WORK TASK.
Looking at the entries, say how many lines contain the string "symmetric". Offer nothing besides the number.

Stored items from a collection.
lemma mat_pow_eq_path_sum:
  assumes C: "upper_triangular C" and "1 \<le> a" "b \<le> n"
  shows "mat_pow n C k a b = path_sum k a b C"
  using assms(2)
proof (induction k arbitrary: a)
  case 0
  then show ?case using assms(3) by (simp add: mat_pow_def mat_one_def path_sum_0)
next
  case (Suc k)
  have "mat_pow n C (Suc k) a b = (\<Sum>c=1..n. C a c * path_sum k c b C)"
    using Suc.IH by (simp add: mat_pow_Suc)
  also have "\<dots> = (\<Sum>c=a..b. C a c * path_sum k c b C)"
    using C Suc.prems assms(3)
    by (intro sum.mono_neutral_right) (auto simp: upper_triangular_def path_sum_below_diagonal)
  finally show ?case by (simp add: path_sum_Suc)
qed

lemma poly_mat_eval_eq_path_sum:
  assumes "upper_triangular C" "1 \<le> a" "b \<le> n"
  shows "poly_mat_eval n g C a b = (\<Sum>k\<le>degree g. coeff g k * path_sum k a b C)"
  by (simp add: poly_mat_eval_def mat_pow_eq_path_sum[OF assms])

lemma poly_mat_eval_rows_from:
  assumes "upper_triangular C" "1 \<le> a" "b \<le> n" "x \<le> b"
  shows "poly_mat_eval n g (rows_from x C) a b = (if x \<le> a then poly_mat_eval n g C a b else 0)"
  using assms
  by (simp add: poly_mat_eval_eq_path_sum upper_triangular_rows_from path_sum_rows_from)

lemma poly_mat_eval_cols_upto:
  assumes "upper_triangular C" "1 \<le> a" "b \<le> n" "a \<le> x"
  shows "poly_mat_eval n g (cols_upto x C) a b = (if b \<le> x then poly_mat_eval n g C a b else 0)"
  using assms
  by (simp add: poly_mat_eval_eq_path_sum upper_triangular_cols_upto path_sum_cols_upto)

definition eval_monom :: "(nat \<times> nat \<Rightarrow> 'a::comm_ring_1) \<Rightarrow> (nat \<times> nat \<Rightarrow>\<^sub>0 nat) \<Rightarrow> 'a" where
  "eval_monom \<sigma> m = (\<Prod>v\<in>Poly_Mapping.keys m. \<sigma> v ^ Poly_Mapping.lookup m v)"

lemma eval_monom_superset:
  assumes "finite A" "Poly_Mapping.keys m \<subseteq> A"
  shows "eval_monom \<sigma> m = (\<Prod>v\<in>A. \<sigma> v ^ Poly_Mapping.lookup m v)"
  unfolding eval_monom_def
  by (rule prod.mono_neutral_left) (use assms in \<open>auto simp: not_in_keys_iff_lookup_eq_zero\<close>)

lemma eval_monom_add: "eval_monom \<sigma> (m1 + m2) = eval_monom \<sigma> m1 * eval_monom \<sigma> m2"
proof -
  let ?A = "Poly_Mapping.keys m1 \<union> Poly_Mapping.keys m2"
  have "eval_monom \<sigma> (m1 + m2) = (\<Prod>v\<in>?A. \<sigma> v ^ Poly_Mapping.lookup (m1 + m2) v)"
    by (rule eval_monom_superset) (auto dest: keys_add[THEN subsetD])
  also have "\<dots> = (\<Prod>v\<in>?A. \<sigma> v ^ Poly_Mapping.lookup m1 v) * (\<Prod>v\<in>?A. \<sigma> v ^ Poly_Mapping.lookup m2 v)"
    by (simp add: lookup_add power_add prod.distrib)
  finally show ?thesis
    by (simp add: eval_monom_superset[symmetric])
qed

lemma eval_monom_single: "eval_monom \<sigma> (Poly_Mapping.single v 1) = \<sigma> v"
  by (simp add: eval_monom_def)

lemma eval_monom_sum_single:
  "eval_monom \<sigma> (\<Sum>t<k. Poly_Mapping.single (v t) 1) = (\<Prod>t<(k::nat). \<sigma> (v t))"
  by (induction k) (simp_all add: eval_monom_add eval_monom_single[simplified], simp add: eval_monom_def)

lemma meval_superset:
  assumes "finite A" "Poly_Mapping.keys P \<subseteq> A"
  shows "meval \<sigma> P = (\<Sum>m\<in>A. Poly_Mapping.lookup P m * eval_monom \<sigma> m)"
  unfolding meval_def eval_monom_def[symmetric]
  by (rule sum.mono_neutral_left) (use assms in \<open>auto simp: not_in_keys_iff_lookup_eq_zero\<close>)

lemma meval_add: "meval \<sigma> (P + Q) = meval \<sigma> P + meval \<sigma> Q"
proof -
  let ?A = "Poly_Mapping.keys P \<union> Poly_Mapping.keys Q"
  have "meval \<sigma> (P + Q) = (\<Sum>m\<in>?A. Poly_Mapping.lookup (P + Q) m * eval_monom \<sigma> m)"
    by (rule meval_superset) (auto dest: keys_add[THEN subsetD])
  also have "\<dots> = (\<Sum>m\<in>?A. Poly_Mapping.lookup P m * eval_monom \<sigma> m)
                 + (\<Sum>m\<in>?A. Poly_Mapping.lookup Q m * eval_monom \<sigma> m)"
    by (simp add: lookup_add distrib_right sum.distrib)
  finally show ?thesis
    by (simp add: meval_superset[symmetric])
qed

lemma meval_zero: "meval \<sigma> 0 = 0"
  by (simp add: meval_def)

lemma meval_sum: "meval \<sigma> (\<Sum>x\<in>A. P x) = (\<Sum>x\<in>A. meval \<sigma> (P x))"
  by (induction A rule: infinite_finite_induct) (simp_all add: meval_add meval_zero)

lemma meval_single: "meval \<sigma> (Poly_Mapping.single m c) = c * eval_monom \<sigma> m"
  by (subst meval_superset[of "{m}"]) auto

lemma prod_mvar:
  "(\<Prod>t<(k::nat). mvar (a t) (b t)) = Poly_Mapping.single (\<Sum>t<k. Poly_Mapping.single (a t, b t) 1) (1::'a::comm_ring_1)"
  by (induction k) (simp_all add: mvar_def mult_single)

lemma meval_pairing:
  "meval \<sigma> (pairing g a b) = (\<Sum>k\<le>degree g. coeff g k * path_sum k a b (\<lambda>p q. \<sigma> (p, q)))"
  by (simp add: pairing_def path_poly_def path_sum_def prod_mvar mconst_def sum_distrib_left
      mult_single meval_sum meval_single eval_monom_sum_single[simplified])

lemma poly_mat_eval_in_iff_pairing_in_Int_SI:
  assumes "0 \<in> S" "1 \<le> a" "b \<le> n"
  shows "(\<forall>C\<in>tri_mats n S. poly_mat_eval n g C a b \<in> I) \<longleftrightarrow> pairing g a b \<in> Int_SI S I"
proof
  assume H: "\<forall>C\<in>tri_mats n S. poly_mat_eval n g C a b \<in> I"
  show "pairing g a b \<in> Int_SI S I"
    unfolding Int_SI_def
  proof (intro CollectI allI impI)
    fix \<sigma> :: "nat \<times> nat \<Rightarrow> 'a" assume \<sigma>: "\<forall>v. \<sigma> v \<in> S"
    define C where "C = (\<lambda>p q. if 1 \<le> p \<and> p \<le> q \<and> q \<le> n then \<sigma> (p, q) else 0)"
    have C: "C \<in> tri_mats n S"
      using \<sigma> unfolding C_def tri_mats_def by auto
    have "path_sum k a b (\<lambda>p q. \<sigma> (p, q)) = path_sum k a b C" for k
      using assms(2,3) by (intro path_sum_cong) (simp add: C_def)
    then have "meval \<sigma> (pairing g a b) = poly_mat_eval n g C a b"
      using assms(2,3) by (simp add: meval_pairing poly_mat_eval_eq_path_sum tri_mats_upper_triangular[OF C])
    then show "meval \<sigma> (pairing g a b) \<in> I"
      using H C by simp
  qed
next
  assume H: "pairing g a b \<in> Int_SI S I"
  show "\<forall>C\<in>tri_mats n S. poly_mat_eval n g C a b \<in> I"
  proof
    fix C assume C: "C \<in> tri_mats n S"
    have "meval (\<lambda>(p, q). C p q) (pairing g a b) \<in> I"
      using H tri_mats_entry[OF C assms(1)] unfolding Int_SI_def by auto
    then show "poly_mat_eval n g C a b \<in> I"
      using assms(2,3) by (simp add: meval_pairing poly_mat_eval_eq_path_sum tri_mats_upper_triangular[OF C])
  qed
qed

lemma poly_mat_eval_entry_poly:
  "poly_mat_eval n (entry_poly Fs a b) C x y = (\<Sum>k<length Fs. (Fs ! k) a b * mat_pow n C k x y)"
proof -
  let ?g = "entry_poly Fs a b"
  have coeff: "coeff ?g k = (if k < length Fs then (Fs ! k) a b else 0)" for k
    by (simp add: entry_poly_def nth_default_def)
  have "poly_mat_eval n ?g C x y = (\<Sum>k<max (length Fs) (Suc (degree ?g)). coeff ?g k * mat_pow n C k x y)"
    unfolding poly_mat_eval_def by (rule sum.mono_neutral_left) (auto simp: coeff_eq_0)
  also have "\<dots> = (\<Sum>k<length Fs. coeff ?g k * mat_pow n C k x y)"
    by (rule sum.mono_neutral_right) (auto simp: coeff)
  finally show ?thesis
    by (simp add: coeff)
qed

SOLUTION TO THE PROBLEM.
3